07.Dec.10.

見たくてしょうがなかった映画を見た。森田版「椿三十郎」である。黒澤監督にどう挑むのか、と野次馬根性で見ている自分も実は少しあった。しかし森田監督、お見事の一言である。オリジナルを大切にしつつ、自分らしさを存分に出し、楽しんで創ったようである。主演の織田裕二が、どんな三十郎を演じるのか?監督と同じに、三船三十郎に挑む彼もまた、大変だったと思う。ある番組でこの映画のプロモーションを兼ね、俳優陣のインタビュウーをやっていた。織田はそこで脚本のすばらしさを語り、全然古さを感じない作品だと言っていた。むしろ新しささえ感じるとも・・・。

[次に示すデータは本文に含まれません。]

(* Let $A\in\mathbb{R}^{n\times n}$ have rank one. Then $A$ is a Karamardian matrix if and only if its group inverse $A^{\#}$ (which exists in this case) is a Karamardian matrix. Moreover, in this case both $A$ and $A^{\#}$ are range monotone.
   Context: The group inverse $A^{\#}$ of a square $A$ is the unique $X$ (if it exists) with $AXA=A$, $XAX=X$, $AX=XA$. A square matrix $M$ is range monotone if $Mx\ge 0$ and $x\in R(M)$ imply $x\ge 0$. For $A\in\mathbb{R}^{n\times n}$ let $K_A=\mathbb{R}^n_+\cap R(A)$ and $K_A^*=\{y\in\mathbb{R}^n: x^Ty\ge 0 \text{ for all } x\in K_A\}$ (one has $K_A^*=\mathbb{R}^n_++N(A^T)$, and its interior is $\{a+b: a>0,\ b\in N(A^T)\}$). For $q\in\mathbb{R}^n$, LCP$(A,K_A,q)$ is to find $x$ with $x\in K_A$, $Ax+q\in K_A^*$, $x^T(Ax+q)=0$. $A$ is a Karamardian matrix if $K_A\ne\{0\}$ and there exists $d$ in the interior of $K_A^*$ such that both LCP$(A,K_A,0)$ and LCP$(A,K_A,d)$ have $x=0$ as their only solution. *)

theory Defs
  imports "HOL-Analysis.Analysis"
begin

definition is_group_inverse :: "real^'n^'n \<Rightarrow> real^'n^'n \<Rightarrow> bool" where
  "is_group_inverse A X \<longleftrightarrow> A ** X ** A = A \<and> X ** A ** X = X \<and> A ** X = X ** A"

definition nonneg :: "real^'n \<Rightarrow> bool" where
  "nonneg x \<longleftrightarrow> (\<forall>i. x $ i \<ge> 0)"

definition range_monotone :: "real^'n^'n \<Rightarrow> bool" where
  "range_monotone M \<longleftrightarrow>
     (\<forall>x. nonneg (M *v x) \<and> x \<in> range (\<lambda>y. M *v y) \<longrightarrow> nonneg x)"

definition KA :: "real^'n^'n \<Rightarrow> (real^'n) set" where
  "KA A = {x. nonneg x} \<inter> range (\<lambda>y. A *v y)"

definition dual_cone :: "(real^'n) set \<Rightarrow> (real^'n) set" where
  "dual_cone K = {y. \<forall>x\<in>K. x \<bullet> y \<ge> 0}"

definition lcp_sol :: "real^'n^'n \<Rightarrow> (real^'n) set \<Rightarrow> real^'n \<Rightarrow> real^'n \<Rightarrow> bool" where
  "lcp_sol A K q x \<longleftrightarrow> x \<in> K \<and> A *v x + q \<in> dual_cone K \<and> x \<bullet> (A *v x + q) = 0"

definition karamardian :: "real^'n^'n \<Rightarrow> bool" where
  "karamardian A \<longleftrightarrow> KA A \<noteq> {0} \<and>
     (\<exists>d \<in> interior (dual_cone (KA A)).
        (\<forall>x. lcp_sol A (KA A) 0 x \<longleftrightarrow> x = 0) \<and>
        (\<forall>x. lcp_sol A (KA A) d x \<longleftrightarrow> x = 0))"

end

(*
  The range of a rank-one A is a line span {u}, and A acts on it as multiplication by
  the scalar l with A u = l u.  Hence K_A is either {0} (u has entries of both signs)
  or the ray through u or -u, and on that ray LCP(A, K_A, q) is a scalar complementarity
  problem in t >= 0 with slope l |u|^2; it has only the trivial solution for q = 0 and
  for some q in the interior of the dual cone exactly when l > 0.  A group inverse exists
  iff l \<noteq> 0; it has the same range and acts there as 1/l, so the same criterion applies
  to it.  Range monotonicity holds because x = l\<^sup>-\<^sup>1 A x for x in the range.
*)
theory Submission
  imports Defs
begin

lemma rank_one_range_eq_span:
  fixes A :: "real^'n^'n"
  assumes "rank A = 1"
  obtains u where "u \<noteq> 0" "range ((*v) A) = span {u}"
proof -
  let ?V = "range ((*v) A)"
  have "subspace ?V"
    using subspace_UNIV by (intro linear_subspace_image) (simp add: matrix_vector_mul_linear)
  moreover obtain B where B: "B \<subseteq> ?V" "independent B" "?V \<subseteq> span B" "card B = dim ?V"
    using basis_exists by blast
  moreover have "card B = 1" using B assms by (simp add: rank_dim_range)
  then obtain u where "B = {u}" using card_1_singletonE by blast
  ultimately show ?thesis
    using that by (metis dependent_single span_subspace)
qed

lemma eigenvalue_on_range:
  fixes M :: "real^'n^'n"
  assumes "range ((*v) M) = span {u}" "M *v u = c *\<^sub>R u" "x \<in> range ((*v) M)"
  shows "M *v x = c *\<^sub>R x"
proof -
  obtain s where "x = s *\<^sub>R u" using assms(1,3) by (auto simp: span_singleton)
  then show ?thesis by (simp add: assms(2) matrix_vector_mult_scaleR)
qed

lemma nonneg_scaleR: "nonneg x \<Longrightarrow> 0 \<le> c \<Longrightarrow> nonneg (c *\<^sub>R x)"
  unfolding nonneg_def by simp

lemma range_monotone_if_positive_on_range:
  fixes M :: "real^'n^'n"
  assumes "\<And>x. x \<in> range ((*v) M) \<Longrightarrow> M *v x = c *\<^sub>R x" "c > 0"
  shows "range_monotone M"
  unfolding range_monotone_def
proof (intro allI impI)
  fix x assume x: "nonneg (M *v x) \<and> x \<in> range ((*v) M)"
  then have "M *v x = c *\<^sub>R x" using assms(1) by blast
  then have "x = inverse c *\<^sub>R (M *v x)" using \<open>c > 0\<close> by simp
  then show "nonneg x" using nonneg_scaleR[of "M *v x" "inverse c"] x \<open>c > 0\<close> by simp
qed

lemma nonneg_scaleR_iff:
  assumes "nonneg u" "u \<noteq> 0"
  shows "nonneg (s *\<^sub>R u) \<longleftrightarrow> 0 \<le> s"
proof
  obtain i where "u $ i \<noteq> 0" using assms(2) by (auto simp: vec_eq_iff)
  then have "0 < u $ i" using assms(1) by (metis nonneg_def order_le_less)
  moreover assume "nonneg (s *\<^sub>R u)"
  then have "0 \<le> s * u $ i" by (simp add: nonneg_def)
  ultimately show "0 \<le> s" by (simp add: zero_le_mult_iff)
qed (use assms nonneg_scaleR in blast)

lemma KA_eq_ray:
  fixes M :: "real^'n^'n"
  assumes "range ((*v) M) = span {u}" "nonneg u" "u \<noteq> 0"
  shows "KA M = (\<lambda>t. t *\<^sub>R u) ` {0..}"
  using nonneg_scaleR_iff[OF assms(2,3)] by (auto simp: KA_def assms(1) span_singleton)

lemma KA_eq_zero:
  fixes M :: "real^'n^'n"
  assumes "range ((*v) M) = span {u}" "\<not> nonneg u" "\<not> nonneg (- u)"
  shows "KA M = {0}"
proof -
  have zero: "s = 0" if "nonneg (s *\<^sub>R u)" for s
  proof (cases s "0::real" rule: linorder_cases)
    case less
    then have "nonneg ((- inverse s) *\<^sub>R (s *\<^sub>R u))"
      by (intro nonneg_scaleR[OF that]) simp
    with less assms(3) show ?thesis by simp
  next
    case greater
    then have "nonneg (inverse s *\<^sub>R (s *\<^sub>R u))"
      by (intro nonneg_scaleR[OF that]) simp
    with greater assms(2) show ?thesis by simp
  qed
  show ?thesis
  proof (intro set_eqI iffI)
    fix x :: "real^'n" assume "x \<in> KA M"
    then obtain s where "x = s *\<^sub>R u" "nonneg x"
      by (auto simp: KA_def assms(1) span_singleton)
    with zero show "x \<in> {0}" by simp
  next
    fix x :: "real^'n" assume "x \<in> {0}"
    then show "x \<in> KA M"
      by (auto simp: KA_def nonneg_def intro: range_eqI[of _ _ 0])
  qed
qed

lemma dual_cone_ray: "dual_cone ((\<lambda>t. t *\<^sub>R u) ` {0..}) = {y. 0 \<le> u \<bullet> y}"
proof -
  have "u \<in> (\<lambda>t. t *\<^sub>R u) ` {0..}" by (rule image_eqI[of _ _ 1]) auto
  show ?thesis
  proof (intro set_eqI iffI)
    fix y assume "y \<in> dual_cone ((\<lambda>t. t *\<^sub>R u) ` {0..})"
    with \<open>u \<in> _\<close> show "y \<in> {y. 0 \<le> u \<bullet> y}" unfolding dual_cone_def by blast
  next
    fix y assume "y \<in> {y. 0 \<le> u \<bullet> y}"
    then show "y \<in> dual_cone ((\<lambda>t. t *\<^sub>R u) ` {0..})" by (auto simp: dual_cone_def)
  qed
qed

lemma lcp_sol_ray:
  fixes M :: "real^'n^'n"
  assumes K: "KA M = (\<lambda>t. t *\<^sub>R u) ` {0..}" and Mu: "M *v u = c *\<^sub>R u"
  shows "lcp_sol M (KA M) q x \<longleftrightarrow>
    (\<exists>t\<ge>0. x = t *\<^sub>R u \<and> 0 \<le> t * c * (u \<bullet> u) + u \<bullet> q
       \<and> t * (t * c * (u \<bullet> u) + u \<bullet> q) = 0)"
proof -
  have u_inner: "u \<bullet> (M *v (t *\<^sub>R u) + q) = t * c * (u \<bullet> u) + u \<bullet> q" for t
    by (simp add: Mu matrix_vector_mult_scaleR inner_add_right)
  show ?thesis
    unfolding lcp_sol_def K dual_cone_ray by (auto simp: u_inner)
qed

lemma karamardian_ray_iff:
  fixes M :: "real^'n^'n"
  assumes R: "range ((*v) M) = span {u}" and u: "nonneg u" "u \<noteq> 0"
    and Mu: "M *v u = c *\<^sub>R u"
  shows "karamardian M \<longleftrightarrow> 0 < c"
proof -
  have K: "KA M = (\<lambda>t. t *\<^sub>R u) ` {0..}" using KA_eq_ray[OF R u] .
  have int: "interior (dual_cone (KA M)) = {y. 0 < u \<bullet> y}"
    unfolding K dual_cone_ray using u(2) by simp
  have N: "0 < u \<bullet> u" using u(2) by simp
  note lcp = lcp_sol_ray[OF K Mu]
  show ?thesis
  proof
    assume kar: "karamardian M"
    then obtain d where d: "0 < u \<bullet> d" and only_0: "\<And>x. lcp_sol M (KA M) d x \<longleftrightarrow> x = 0"
      and only_0': "\<And>x. lcp_sol M (KA M) 0 x \<longleftrightarrow> x = 0"
      unfolding karamardian_def int by blast
    show "0 < c"
    proof (rule ccontr)
      assume "\<not> 0 < c"
      then consider "c = 0" | "c < 0" by linarith
      then show False
      proof cases
        case 1
        then have "lcp_sol M (KA M) 0 u" unfolding lcp by (intro exI[of _ 1]) simp
        then show False using only_0' u(2) by blast
      next
        case 2
        \<comment> \<open>the affine function of t in lcp_sol_ray decreases from u \<bullet> d > 0 and vanishes at t\<close>
        define t where "t = - (u \<bullet> d) / (c * (u \<bullet> u))"
        have "0 < t" unfolding t_def using d N 2 by (simp add: divide_pos_neg mult_neg_pos)
        moreover have "t * c * (u \<bullet> u) + u \<bullet> d = 0" unfolding t_def using N 2 by simp
        ultimately have "lcp_sol M (KA M) d (t *\<^sub>R u)" unfolding lcp by (auto intro!: exI[of _ t])
        then show False using only_0 \<open>0 < t\<close> u(2) by simp
      qed
    qed
  next
    assume "0 < c"
    have only_0: "lcp_sol M (KA M) q x \<longleftrightarrow> x = 0" if q: "0 \<le> u \<bullet> q" for q x
    proof
      assume "lcp_sol M (KA M) q x"
      then obtain t where t: "0 \<le> t" "x = t *\<^sub>R u" "t * (t * c * (u \<bullet> u) + u \<bullet> q) = 0"
        unfolding lcp by blast
      have "t = 0"
      proof (rule ccontr)
        assume "t \<noteq> 0"
        then have "0 < t * c * (u \<bullet> u) + u \<bullet> q"
          using t(1) \<open>0 < c\<close> N q by (simp add: add_pos_nonneg)
        then show False using t(3) \<open>t \<noteq> 0\<close> by simp
      qed
      then show "x = 0" using t(2) by simp
    qed (use q lcp in auto)
    have "u \<in> KA M" unfolding K by (rule image_eqI[of _ _ 1]) auto
    then show "karamardian M"
      unfolding karamardian_def using u(2) N only_0[of 0] only_0[of u]
      by (intro conjI bexI[of _ u]) (auto simp: int)
  qed
qed

lemma span_singleton_neg: "span {- u} = span {u}"
proof -
  have "- u \<in> span {u}" "- (- u) \<in> span {- u}"
    by (simp_all only: span_neg span_base singletonI)
  then show ?thesis by (simp add: span_eq)
qed

lemma karamardian_rank_one_iff:
  fixes M :: "real^'n^'n"
  assumes R: "range ((*v) M) = span {u}" and "u \<noteq> 0" and Mu: "M *v u = c *\<^sub>R u"
  shows "karamardian M \<longleftrightarrow> 0 < c \<and> (nonneg u \<or> nonneg (- u))"
proof (cases "nonneg u")
  case True
  then show ?thesis using karamardian_ray_iff[OF R True \<open>u \<noteq> 0\<close> Mu] by simp
next
  case False
  show ?thesis
  proof (cases "nonneg (- u)")
    case True
    have "M *v (- u) = c *\<^sub>R (- u)" by (simp add: Mu linear_neg[OF matrix_vector_mul_linear])
    then show ?thesis
      using karamardian_ray_iff[of M "- u"] R True \<open>u \<noteq> 0\<close> by (simp add: span_singleton_neg)
  next
    case False
    then show ?thesis
      using KA_eq_zero[OF R \<open>\<not> nonneg u\<close> False] \<open>\<not> nonneg u\<close> False
      by (simp add: karamardian_def)
  qed
qed

lemma is_group_inverse_sym: "is_group_inverse A X \<Longrightarrow> is_group_inverse X A"
  unfolding is_group_inverse_def by argo

lemma group_inverse_range_subset:
  assumes "is_group_inverse A X"
  shows "range ((*v) X) \<subseteq> range ((*v) A)"
proof
  fix y assume "y \<in> range ((*v) X)"
  then obtain w where "y = X *v w" by blast
  also have "X = A ** X ** X"
    using assms unfolding is_group_inverse_def by simp
  finally show "y \<in> range ((*v) A)" by (simp add: matrix_vector_mul_assoc[symmetric])
qed

lemma group_inverse_cancel_on_range:
  assumes "is_group_inverse A X" "x \<in> range ((*v) A)"
  shows "X *v (A *v x) = x"
proof -
  obtain w where x: "x = A *v w" using assms(2) by blast
  have "X ** A ** A = A" using assms(1) unfolding is_group_inverse_def by argo
  then show ?thesis unfolding x by (metis matrix_vector_mul_assoc)
qed

lemma group_inverse_eigenvector:
  assumes G: "is_group_inverse A X" and u: "u \<in> range ((*v) A)" "u \<noteq> 0"
    and Au: "A *v u = l *\<^sub>R u"
  shows "l \<noteq> 0" "X *v u = inverse l *\<^sub>R u"
proof -
  have eq: "l *\<^sub>R (X *v u) = u"
    using group_inverse_cancel_on_range[OF G u(1)] by (simp add: Au matrix_vector_mult_scaleR)
  then show "l \<noteq> 0" using u(2) by auto
  then show "X *v u = inverse l *\<^sub>R u" using eq by (metis scaleR_scaleR left_inverse scaleR_one)
qed

lemma group_inverse_rank_one:
  fixes A :: "real^'n^'n"
  assumes R: "range ((*v) A) = span {u}" and Au: "A *v u = l *\<^sub>R u" and "l \<noteq> 0"
  shows "is_group_inverse A (inverse (l\<^sup>2) *\<^sub>R A)"
proof -
  have square: "A ** A = l *\<^sub>R A"
    unfolding matrix_eq
  proof
    fix w
    have "A *v (A *v w) = l *\<^sub>R (A *v w)" by (rule eigenvalue_on_range[OF R Au rangeI])
    then show "(A ** A) *v w = (l *\<^sub>R A) *v w"
      by (simp add: matrix_vector_mul_assoc[symmetric] scaleR_matrix_vector_assoc)
  qed
  show ?thesis
    unfolding is_group_inverse_def using \<open>l \<noteq> 0\<close>
    by (simp add: matrix_scalar_ac scalar_matrix_assoc[symmetric] square power2_eq_square field_simps)
qed

theorem mainTheorem7:
  fixes A :: "real^'n^'n"
  assumes "rank A = 1"
  shows "(karamardian A \<longleftrightarrow> (\<exists>X. is_group_inverse A X \<and> karamardian X))
       \<and> (karamardian A \<longrightarrow>
            range_monotone A \<and> (\<forall>X. is_group_inverse A X \<longrightarrow> range_monotone X))"
proof -
  obtain u where "u \<noteq> 0" and R: "range ((*v) A) = span {u}"
    using rank_one_range_eq_span[OF assms] .
  have u_range: "u \<in> range ((*v) A)" unfolding R by (simp add: span_base)
  have "A *v u \<in> span {u}" unfolding R[symmetric] by (rule rangeI)
  then obtain l where Au: "A *v u = l *\<^sub>R u" by (auto simp: span_singleton)
  have kar_A: "karamardian A \<longleftrightarrow> 0 < l \<and> (nonneg u \<or> nonneg (- u))"
    using karamardian_rank_one_iff[OF R \<open>u \<noteq> 0\<close> Au] .
  have kar_X: "karamardian X \<longleftrightarrow> karamardian A"
    and mono_X: "0 < l \<Longrightarrow> range_monotone X" if G: "is_group_inverse A X" for X
  proof -
    have RX: "range ((*v) X) = span {u}"
      using group_inverse_range_subset[OF G] group_inverse_range_subset[OF is_group_inverse_sym[OF G]] R
      by blast
    note Xu = group_inverse_eigenvector[OF G u_range \<open>u \<noteq> 0\<close> Au]
    show "karamardian X \<longleftrightarrow> karamardian A"
      using karamardian_rank_one_iff[OF RX \<open>u \<noteq> 0\<close> Xu(2)] kar_A by simp
    show "0 < l \<Longrightarrow> range_monotone X"
      by (rule range_monotone_if_positive_on_range[OF eigenvalue_on_range[OF RX Xu(2)]]) auto
  qed
  have "0 < l \<Longrightarrow> is_group_inverse A (inverse (l\<^sup>2) *\<^sub>R A)"
    by (simp add: group_inverse_rank_one[OF R Au])
  moreover have "0 < l \<Longrightarrow> range_monotone A"
    by (rule range_monotone_if_positive_on_range[OF eigenvalue_on_range[OF R Au]])
  ultimately show ?thesis using kar_A kar_X mono_X by blast
qed

end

あと三船さんを意識しないというのは嘘になるが、あくまで自分らしさを出すことをこころがけ演じたといった。はじめ少しオーバーな感じを受けたが、これは計算された森田演出で、全編誇張した創りになっていた。まさにエンターテーメント。脇を固める俳優たちも、良い味をだして大いに笑わせる。音楽も昔のままで、懐かしさがこみあげた。最後の有名な決闘シーンも、いろいろな問題をクリアし違った意味で、迫力のある殺陣になっていた。二本の「椿三十郎」は同じでありながら、同じではない作品である。わたしはどちらも大好きである。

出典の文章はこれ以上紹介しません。